'''

section \<open>The energy estimate\<close>

lemma AE_abs_le_abs_esssup:
  fixes h :: "real \<Rightarrow> real"
  assumes S: "S \<in> sets lborel" and meas: "set_borel_measurable lborel S h"
    and bounded: "\<exists>K. AE t in lborel. t \<in> S \<longrightarrow> \<bar>h t\<bar> \<le> K"
  shows "AE t in lborel. t \<in> S \<longrightarrow> \<bar>h t\<bar> \<le> \<bar>real_of_ereal (esssup (restrict_space lborel S) (\<lambda>t. ereal \<bar>h t\<bar>))\<bar>"
proof -
  define E where "E = esssup (restrict_space lborel S) (\<lambda>t. ereal \<bar>h t\<bar>)"
  have S': "S \<inter> space lborel \<in> sets lborel" using S by simp
  have "h \<in> borel_measurable (restrict_space lborel S)"
    using meas unfolding set_borel_measurable_def by (subst borel_measurable_restrict_space_iff[OF S'])
  then have h_meas: "(\<lambda>t. ereal \<bar>h t\<bar>) \<in> borel_measurable (restrict_space lborel S)" by measurable
  obtain K where "AE t in lborel. t \<in> S \<longrightarrow> \<bar>h t\<bar> \<le> K" using bounded by blast
  then have "AE t in restrict_space lborel S. ereal \<bar>h t\<bar> \<le> ereal K"
    by (subst AE_restrict_space_iff[OF S']) auto
  then have "E \<le> ereal K" unfolding E_def by (rule esssup_I[OF h_meas])
  have "AE t in lborel. t \<in> S \<longrightarrow> ereal \<bar>h t\<bar> \<le> E"
    using esssup_AE[of "\<lambda>t. ereal \<bar>h t\<bar>" "restrict_space lborel S"]
    unfolding E_def by (subst (asm) AE_restrict_space_iff[OF S'])
  then show ?thesis
    unfolding E_def[symmetric] by eventually_elim (use \<open>E \<le> ereal K\<close> in \<open>cases E; auto\<close>)
qed

lemma nn_integral_mild_solution_le:
  assumes "R0 > 0" and mild: "is_mild_solution M R0 T a B f g h u" and "t \<in> {0..T}" "\<omega> \<in> space M"
    and D: "\<And>n. \<bar>LBINT \<tau>:{0..t}. h \<tau> * kern R0 a n t \<tau>\<bar> \<le> D"
  shows "(\<integral>\<^sup>+ r\<in>{0..R0}. ennreal (r\<^sup>2 * (u r t \<omega>)\<^sup>2) \<partial>lborel)
    \<le> ennreal (4 * D\<^sup>2) * (\<Sum>n. ennreal ((coeff R0 f n)\<^sup>2))
      + (\<Sum>n. ennreal (4 * (coeff R0 g n)\<^sup>2 * (wiener_integral B (kern R0 a n t) t \<omega>)\<^sup>2))"
proof -
  define c where "c n = mild_coeff R0 a B f g h n t \<omega>" for n
  define W where "W n = wiener_integral B (kern R0 a n t) t \<omega>" for n
  have c_le: "2 * (c n)\<^sup>2 \<le> 4 * D\<^sup>2 * (coeff R0 f n)\<^sup>2 + 4 * (coeff R0 g n)\<^sup>2 * (W n)\<^sup>2" for n
  proof -
    define I where "I = (LBINT \<tau>:{0..t}. h \<tau> * kern R0 a n t \<tau>)"
    have "I\<^sup>2 \<le> D\<^sup>2"
      using D[of n] abs_ge_zero[of I] unfolding I_def by (metis abs_le_square_iff abs_of_nonneg order_trans)
    then have "(coeff R0 f n * I)\<^sup>2 \<le> D\<^sup>2 * (coeff R0 f n)\<^sup>2"
      by (simp add: power_mult_distrib mult_right_mono mult.commute)
    moreover have "c n = coeff R0 f n * I + coeff R0 g n * W n"
      by (simp add: c_def W_def I_def mild_coeff_def)
    ultimately show ?thesis
      using power2_add_le[of "coeff R0 f n * I" "coeff R0 g n * W n"] by (simp add: power_mult_distrib)
  qed
  have "(\<integral>\<^sup>+ r\<in>{0..R0}. ennreal (r\<^sup>2 * (u r t \<omega>)\<^sup>2) \<partial>lborel) \<le> 2 * (\<Sum>n. ennreal ((c n)\<^sup>2))"
    using mild \<open>t \<in> {0..T}\<close> \<open>\<omega> \<in> space M\<close> unfolding is_mild_solution_def c_def
    by (intro nn_integral_weighted_square_le_of_expansion[OF \<open>R0 > 0\<close>]) auto
  also have "\<dots> = (\<Sum>n. ennreal (2 * (c n)\<^sup>2))"
    by (simp add: ennreal_mult)
  also have "\<dots> \<le> (\<Sum>n. ennreal (4 * D\<^sup>2) * ennreal ((coeff R0 f n)\<^sup>2) + ennreal (4 * (coeff R0 g n)\<^sup>2 * (W n)\<^sup>2))"
    using c_le by (intro suminf_le) (auto simp flip: ennreal_plus ennreal_mult intro: ennreal_leI)
  also have "\<dots> = ennreal (4 * D\<^sup>2) * (\<Sum>n. ennreal ((coeff R0 f n)\<^sup>2)) + (\<Sum>n. ennreal (4 * (coeff R0 g n)\<^sup>2 * (W n)\<^sup>2))"
    by (simp add: suminf_add[symmetric] ennreal_suminf_cmult)
  finally show ?thesis by (simp only: W_def)
qed

lemma nn_integral_noise_le:
  assumes fBm: "is_fBm M H B" and "0 \<le> H" and t: "0 \<le> t" "t \<le> T"
    and a_int: "set_integrable lborel {0..t} a" and a_nonneg: "\<forall>s\<in>{0..t}. 0 \<le> a s"
  shows "(\<integral>\<^sup>+\<omega>. (\<Sum>n. ennreal (4 * (c n)\<^sup>2 * (wiener_integral B (kern R0 a n t) t \<omega>)\<^sup>2)) \<partial>M)
    \<le> ennreal (16 * T powr (2 * H)) * (\<Sum>n. ennreal ((c n)\<^sup>2))"
proof -
  have mono: "mono_on {0..t} (kern R0 a n t)" for n
    using a_int a_nonneg by (rule kern_mono_on)
  have [measurable]: "wiener_integral B (kern R0 a n t) t \<in> borel_measurable M" for n
    using fBm t(1) mono by (rule borel_measurable_wiener_integral)
  have "(\<integral>\<^sup>+\<omega>. (\<Sum>n. ennreal (4 * (c n)\<^sup>2 * (wiener_integral B (kern R0 a n t) t \<omega>)\<^sup>2)) \<partial>M)
      = (\<Sum>n. ennreal (4 * (c n)\<^sup>2) * (\<integral>\<^sup>+\<omega>. ennreal ((wiener_integral B (kern R0 a n t) t \<omega>)\<^sup>2) \<partial>M))"
    by (simp add: nn_integral_suminf nn_integral_cmult ennreal_mult)
  also have "\<dots> \<le> (\<Sum>n. ennreal (4 * (c n)\<^sup>2) * ennreal (4 * T powr (2 * H)))"
  proof (intro suminf_le mult_left_mono)
    have "t powr (2 * H) \<le> T powr (2 * H)" using t \<open>0 \<le> H\<close> by (intro powr_mono2) auto
    then show "(\<integral>\<^sup>+\<omega>. ennreal ((wiener_integral B (kern R0 a n t) t \<omega>)\<^sup>2) \<partial>M) \<le> ennreal (4 * T powr (2 * H))" for n
      using nn_integral_wiener_integral_fBm_square_le[OF fBm \<open>0 \<le> H\<close> t(1) mono kern_image_subset[OF a_nonneg]]
      by (meson ennreal_leI mult_left_mono order_trans zero_le_numeral)
  qed auto
  also have "\<dots> = (\<Sum>n. ennreal (16 * T powr (2 * H)) * ennreal ((c n)\<^sup>2))"
    by (simp flip: ennreal_mult add: mult_ac)
  also have "\<dots> = ennreal (16 * T powr (2 * H)) * (\<Sum>n. ennreal ((c n)\<^sup>2))"
    by (rule ennreal_suminf_cmult)
  finally show ?thesis .
qed

text \<open>\<open>U\<close> need not be measurable: \<open>\<integral>\<^sup>+\<close> is monotone on arbitrary functions, and Tonelli's
  theorem is only applied to the measurable majorant.\<close>

lemma nn_integral_time_integral_le_of_majorant:
  fixes U :: "real \<Rightarrow> 'w \<Rightarrow> ennreal" and Q :: "real \<times> 'w \<Rightarrow> ennreal"
  assumes "prob_space M" and "0 \<le> T" and Q_meas: "Q \<in> borel_measurable (lborel \<Otimes>\<^sub>M M)"
    and majorant: "\<And>t \<omega>. t \<in> {0..T} \<Longrightarrow> \<omega> \<in> space M \<Longrightarrow> U t \<omega> \<le> P + Q (t, \<omega>)"
    and expectation: "\<And>t. t \<in> {0..T} \<Longrightarrow> (\<integral>\<^sup>+\<omega>. Q (t, \<omega>) \<partial>M) \<le> R"
  shows "(\<integral>\<^sup>+\<omega>. (\<integral>\<^sup>+ t\<in>{0..T}. U t \<omega> \<partial>lborel) \<partial>M) \<le> ennreal T * (P + R)"
proof -
  interpret prob_space M by fact
  interpret pair_sigma_finite lborel M
    by (simp add: pair_sigma_finite_def lborel.sigma_finite_measure_axioms sigma_finite_measure_axioms)
  have "(\<integral>\<^sup>+\<omega>. (\<integral>\<^sup>+ t\<in>{0..T}. U t \<omega> \<partial>lborel) \<partial>M)
      \<le> (\<integral>\<^sup>+\<omega>. (\<integral>\<^sup>+t. (P + Q (t, \<omega>)) * indicator {0..T} t \<partial>lborel) \<partial>M)"
    using majorant by (intro nn_integral_mono) (simp add: indicator_def)
  also have "\<dots> = (\<integral>\<^sup>+t. (\<integral>\<^sup>+\<omega>. (P + Q (t, \<omega>)) * indicator {0..T} t \<partial>M) \<partial>lborel)"
  proof (rule Fubini')
    have "(\<lambda>x. (P + Q x) * indicator {0..T} (fst x)) \<in> borel_measurable (lborel \<Otimes>\<^sub>M M)"
      using Q_meas by measurable
    then show "(\<lambda>(t, \<omega>). (P + Q (t, \<omega>)) * indicator {0..T} t) \<in> borel_measurable (lborel \<Otimes>\<^sub>M M)"
      by (simp add: case_prod_beta')
  qed
  also have "\<dots> \<le> (\<integral>\<^sup>+t. (P + R) * indicator {0..T} t \<partial>lborel)"
  proof (rule nn_integral_mono)
    fix t
    have "(\<integral>\<^sup>+\<omega>. P + Q (t, \<omega>) \<partial>M) = P + (\<integral>\<^sup>+\<omega>. Q (t, \<omega>) \<partial>M)"
      using Q_meas by (simp add: nn_integral_add emeasure_space_1)
    then show "(\<integral>\<^sup>+\<omega>. (P + Q (t, \<omega>)) * indicator {0..T} t \<partial>M) \<le> (P + R) * indicator {0..T} t"
      using expectation[of t] by (cases "t \<in> {0..T}") (simp_all add: add_left_mono)
  qed
  also have "\<dots> = ennreal T * (P + R)"
    using \<open>0 \<le> T\<close> by (simp add: nn_integral_cmult_indicator mult.commute)
  finally show ?thesis .
qed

'''

_Aim of the exercise_
In the listing above, find the line with "interpret pair_sigma_finite lborel M" and the line with "proof (rule Fubini')", then print exactly those two lines and every line between them, and nothing more.

_Output_
  interpret pair_sigma_finite lborel M
    by (simp add: pair_sigma_finite_def lborel.sigma_finite_measure_axioms sigma_finite_measure_axioms)
  have "(\<integral>\<^sup>+\<omega>. (\<integral>\<^sup>+ t\<in>{0..T}. U t \<omega> \<partial>lborel) \<partial>M)
      \<le> (\<integral>\<^sup>+\<omega>. (\<integral>\<^sup>+t. (P + Q (t, \<omega>)) * indicator {0..T} t \<partial>lborel) \<partial>M)"
    using majorant by (intro nn_integral_mono) (simp add: indicator_def)
  also have "\<dots> = (\<integral>\<^sup>+t. (\<integral>\<^sup>+\<omega>. (P + Q (t, \<omega>)) * indicator {0..T} t \<partial>M) \<partial>lborel)"
  proof (rule Fubini')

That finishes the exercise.